EDITORIAL: Living with a strong NT dollar

Sun, Jan 09, 2011 - Page 8

The latest economic data released last week suggested that the nation’s external trade remains in good shape and domestic inflation is under control. However, the local stock market opened the first week of the year with a fall of 2.12 percent and the New Taiwan dollar passed the key NT$30 per US dollar level at the close of trading on Friday, for the first time in 13 years.

The question is why this positive economic data have not translated into bullish market sentiment. Is foreign capital being pulled out of local equities? Has the central bank become more accepting of a stronger NT dollar?

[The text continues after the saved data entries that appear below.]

lemma ip_feasible_indic_iff:
  assumes "simple_graph V E" "Y \<subseteq> Estar V E f"
  shows "ip_feasible V E f (indic Y) \<longleftrightarrow>
    miae_feasible V E f (E \<union> Y) \<and> (\<forall>v\<in>reds V f. int (colour_deg f Y Blue v) \<le> bstar E f v)"
proof -
  have fV: "finite V" and eE: "edges_on V E"
    using assms(1) by (auto simp: simple_graph_def)
  have eY: "edges_on V Y"
    by (rule edges_on_subset[OF Estar_edges_on assms(2)])
  have "ip_feasible V E f (indic Y) \<longleftrightarrow>
      (\<forall>v\<in>V. f v = Red \<longrightarrow> int (colour_deg f Y Blue v) = bstar E f v) \<and>
      (\<forall>v\<in>V. f v = Blue \<longrightarrow>
         int (colour_deg f Y Red v) - int (colour_deg f Y Blue v) \<le> bstar E f v)"
    unfolding ip_feasible_def blues_def reds_def sum_indic_nbrs_Estar[OF fV assms(2)]
    by (auto simp: indic_def)
  also have "\<dots> \<longleftrightarrow> (\<forall>v\<in>V. colour_deg f E Red v + colour_deg f Y Red v
        \<le> colour_deg f E Blue v + colour_deg f Y Blue v) \<and>
      (\<forall>v\<in>reds V f. int (colour_deg f Y Blue v) \<le> bstar E f v)"
  proof -
    have "(f v = Red \<longrightarrow> int (colour_deg f Y Blue v) = bstar E f v) \<and>
        (f v = Blue \<longrightarrow> int (colour_deg f Y Red v) - int (colour_deg f Y Blue v) \<le> bstar E f v)
      \<longleftrightarrow> colour_deg f E Red v + colour_deg f Y Red v \<le> colour_deg f E Blue v + colour_deg f Y Blue v
        \<and> (f v = Red \<longrightarrow> int (colour_deg f Y Blue v) \<le> bstar E f v)" for v
      using Estar_red_colour_deg[OF assms(2), of v]
      by (cases "f v") (auto simp: bstar_def red_deg_eq_colour_deg blue_deg_eq_colour_deg max_def)
    then show ?thesis by (auto simp: reds_def)
  qed
  also have "\<dots> \<longleftrightarrow> miae_feasible V E f (E \<union> Y) \<and>
      (\<forall>v\<in>reds V f. int (colour_deg f Y Blue v) \<le> bstar E f v)"
    using edges_on_Un[OF eE eY]
    by (auto simp: miae_feasible_def under_illusion_def not_less colour_deg_Un_Estar[OF assms]
        red_deg_eq_colour_deg blue_deg_eq_colour_deg)
  finally show ?thesis .
qed

lemma miae_feasible_restrict_Estar:
  assumes "simple_graph V E" "miae_feasible V E f E'"
  shows "miae_feasible V E f (E \<union> (E' - E) \<inter> Estar V E f)"
proof -
  let ?F = "E \<union> (E' - E) \<inter> Estar V E f"
  have fV: "finite V" and eE: "edges_on V E" and eE': "edges_on V E'" and EE': "E \<subseteq> E'"
    using assms by (auto simp: simple_graph_def miae_feasible_def)
  have eF: "edges_on V ?F"
    by (rule edges_on_Un[OF eE edges_on_subset[OF Estar_edges_on]]) blast
  have "\<not> under_illusion f ?F v" if "v \<in> V" for v
  proof -
    \<comment> \<open>an edge of \<open>E' - E\<close> at a blue vertex lies in \<open>E*\<close>, so no blue neighbour is lost\<close>
    have "{u \<in> nbrs E' v. f u = Blue} \<subseteq> {u \<in> nbrs ?F v. f u = Blue}"
      using edges_on_nbrs[OF eE'] Estar_memI[of _ V v E f] \<open>v \<in> V\<close> by (auto simp: nbrs_def)
    then have "blue_deg f E' v \<le> blue_deg f ?F v"
      unfolding blue_deg_def by (rule card_mono[OF finite_colour_nbrs[OF fV eF]])
    moreover have "red_deg f ?F v \<le> red_deg f E' v"
      unfolding red_deg_eq_colour_deg by (rule colour_deg_mono[OF fV eE']) (use EE' in blast)
    moreover have "\<not> under_illusion f E' v"
      using assms(2) \<open>v \<in> V\<close> by (simp add: miae_feasible_def)
    ultimately show ?thesis by (simp add: under_illusion_def)
  qed
  with eF show ?thesis by (simp add: miae_feasible_def)
qed
lemma cball_segment_point_subset_Un_cball:
  fixes c1 c2 p :: "'a::real_inner"
  assumes "dist c1 c2 \<le> 2 * r" "0 \<le> r" "r \<le> \<rho>" "p \<in> closed_segment c1 c2"
  shows "cball p (sqrt (\<rho>\<^sup>2 - r\<^sup>2)) \<subseteq> cball c1 \<rho> \<union> cball c2 \<rho>"
proof
  fix q assume "q \<in> cball p (sqrt (\<rho>\<^sup>2 - r\<^sup>2))"
  then have "(dist p q)\<^sup>2 \<le> \<rho>\<^sup>2 - r\<^sup>2"
    using assms(2,3) power_mono[of "dist p q" "sqrt (\<rho>\<^sup>2 - r\<^sup>2)" 2] power_mono[of r \<rho> 2]
    by simp
  obtain t where t: "0 \<le> t" "t \<le> 1" "p = (1 - t) *\<^sub>R c1 + t *\<^sub>R c2"
    using assms(4) unfolding closed_segment_def by auto
  have "t * (1 - t) \<le> 1 / 4"
    using zero_le_power2[of "2 * t - 1"] by (simp add: power2_eq_square algebra_simps)
  moreover have "(dist c1 c2)\<^sup>2 \<le> 4 * r\<^sup>2"
    using power_mono[OF assms(1) zero_le_dist, of 2] by (simp add: power_mult_distrib)
  ultimately have "t * (1 - t) * (dist c1 c2)\<^sup>2 \<le> r\<^sup>2"
    using t(1,2) mult_mono[of "t * (1 - t)" "1/4" "(dist c1 c2)\<^sup>2" "4 * r\<^sup>2"] by simp
  with Stewart_identity[of t c1 q c2] t \<open>(dist p q)\<^sup>2 \<le> \<rho>\<^sup>2 - r\<^sup>2\<close>
  have "(1 - t) * (dist c1 q)\<^sup>2 + t * (dist c2 q)\<^sup>2 \<le> \<rho>\<^sup>2" by simp
  define m where "m = min ((dist c1 q)\<^sup>2) ((dist c2 q)\<^sup>2)"
  have "m = (1 - t) * m + t * m" by (simp add: algebra_simps)
  also have "\<dots> \<le> (1 - t) * (dist c1 q)\<^sup>2 + t * (dist c2 q)\<^sup>2"
    using t(1,2) by (intro add_mono mult_left_mono) (auto simp: m_def)
  also have "\<dots> \<le> \<rho>\<^sup>2" by fact
  finally have "(dist c1 q)\<^sup>2 \<le> \<rho>\<^sup>2 \<or> (dist c2 q)\<^sup>2 \<le> \<rho>\<^sup>2" by (simp add: m_def min_le_iff_disj)
  moreover have "0 \<le> \<rho>" using assms(2,3) by simp
  ultimately have "dist c1 q \<le> \<rho> \<or> dist c2 q \<le> \<rho>" using power2_le_imp_le by blast
  then show "q \<in> cball c1 \<rho> \<union> cball c2 \<rho>" by simp
qed

definition erosion :: "'a::metric_space set \<Rightarrow> real \<Rightarrow> 'a set" where
  "erosion S s = {p. cball p s \<subseteq> S}"

lemma erosion_subset: "0 \<le> s \<Longrightarrow> erosion S s \<subseteq> S"
  unfolding erosion_def by auto

lemma erosion_mono: "S \<subseteq> T \<Longrightarrow> erosion S s \<subseteq> erosion T s"
  unfolding erosion_def by auto

lemma cball_subset_erosion_cball: "cball c (\<rho> - s) \<subseteq> erosion (cball c \<rho>) s"
proof (clarsimp simp: erosion_def subset_iff)
  fix p q assume "dist c p \<le> \<rho> - s" "dist p q \<le> s"
  with dist_triangle[of c q p] show "dist c q \<le> \<rho>" by linarith
qed

lemma sdist_compl_ge_if_subset_erosion:
  assumes "A \<subseteq> erosion S s"
  shows "ereal s \<le> sdist A (UNIV - S)"
proof (rule sdist_ge)
  fix x y assume "x \<in> A" "y \<in> UNIV - S"
  with assms have "y \<notin> cball x s" unfolding erosion_def by blast
  then show "s \<le> dist x y" by simp
qed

There are no simple answers to these questions. Instead, the current situation reflects the fact that, regardless of how positive the economic data, the business climate and market sentiment can change with unexpected speed.

On Friday, the Ministry of Finance reported that exports last month grew at a pace of 19.1 percent year-on-year to US$23.8 billion, the 14th straight monthly increase, while imports grew 21.4 percent to US$22.2 billion. For the whole of last year, exports expanded 34.8 percent to a record US$274.64 billion and imports at an even more rapid pace of 44.2 percent to US$251.4 billion, also a record.

Last year’s external trade figures were impressive in terms of both exports and imports. However, that recovery is a thing of the past. The recent heavy snowstorms in the US and Europe as well as rising wages in China and efforts to damp down the overheating Chinese economy have now emerged as new worries for Taiwanese exporters.

Local PC brand Acer Inc confirmed last week that it would probably miss its fourth-quarter sales target because of the bad weather in Europe, but it is unlikely to be the only company falling short of its targets this year.

As local shares rose 9.58 percent last year, it would not be unreasonable to expect a short-term market correction, but nothing has changed the central bank’s position on “hot money” inflows and the appreciation of the NT dollar, as long as the extra-loose monetary policy adopted in Western countries remains in place.

As such, the central bank’s decision on Friday — to allow the NT dollar to close the session at NT$29.8 against the US dollar, a level not seen since Oct. 20, 1997 — was unusual. Indeed, although the greenback has recently gained in strength against most Asian currencies and the euro, the NT dollar was one of only two Asian currencies to trade higher against the US dollar on Friday. The other was the New Zealand dollar.

Some argue that the central bank is willing to tolerate a stronger NT dollar because Taiwanese exporters have learned how to hedge foreign exchange losses. Others suggest this is essentially an effort by the central bank to pre-empt inflation driven by rising import material prices.

Perhaps the central bank has come to realize that its alleged interventions in late trading sessions over the past few months has so far failed to ease market expectations of further currency appreciation.

Given that the closing prices of the NT dollar over the past few months has become a reference mark rather than a real price, it is reasonable to assume that the central bank is looking for different ways to deal with the currency issue.

Naturally, the bank is not going to announce what that will be, but it has now sent a clear message to the market that it would accept an NT dollar rise to above the NT$30 level. People must now learn to deal with a stronger NT dollar and exporters especiallyneed to be aware of the possible consequences.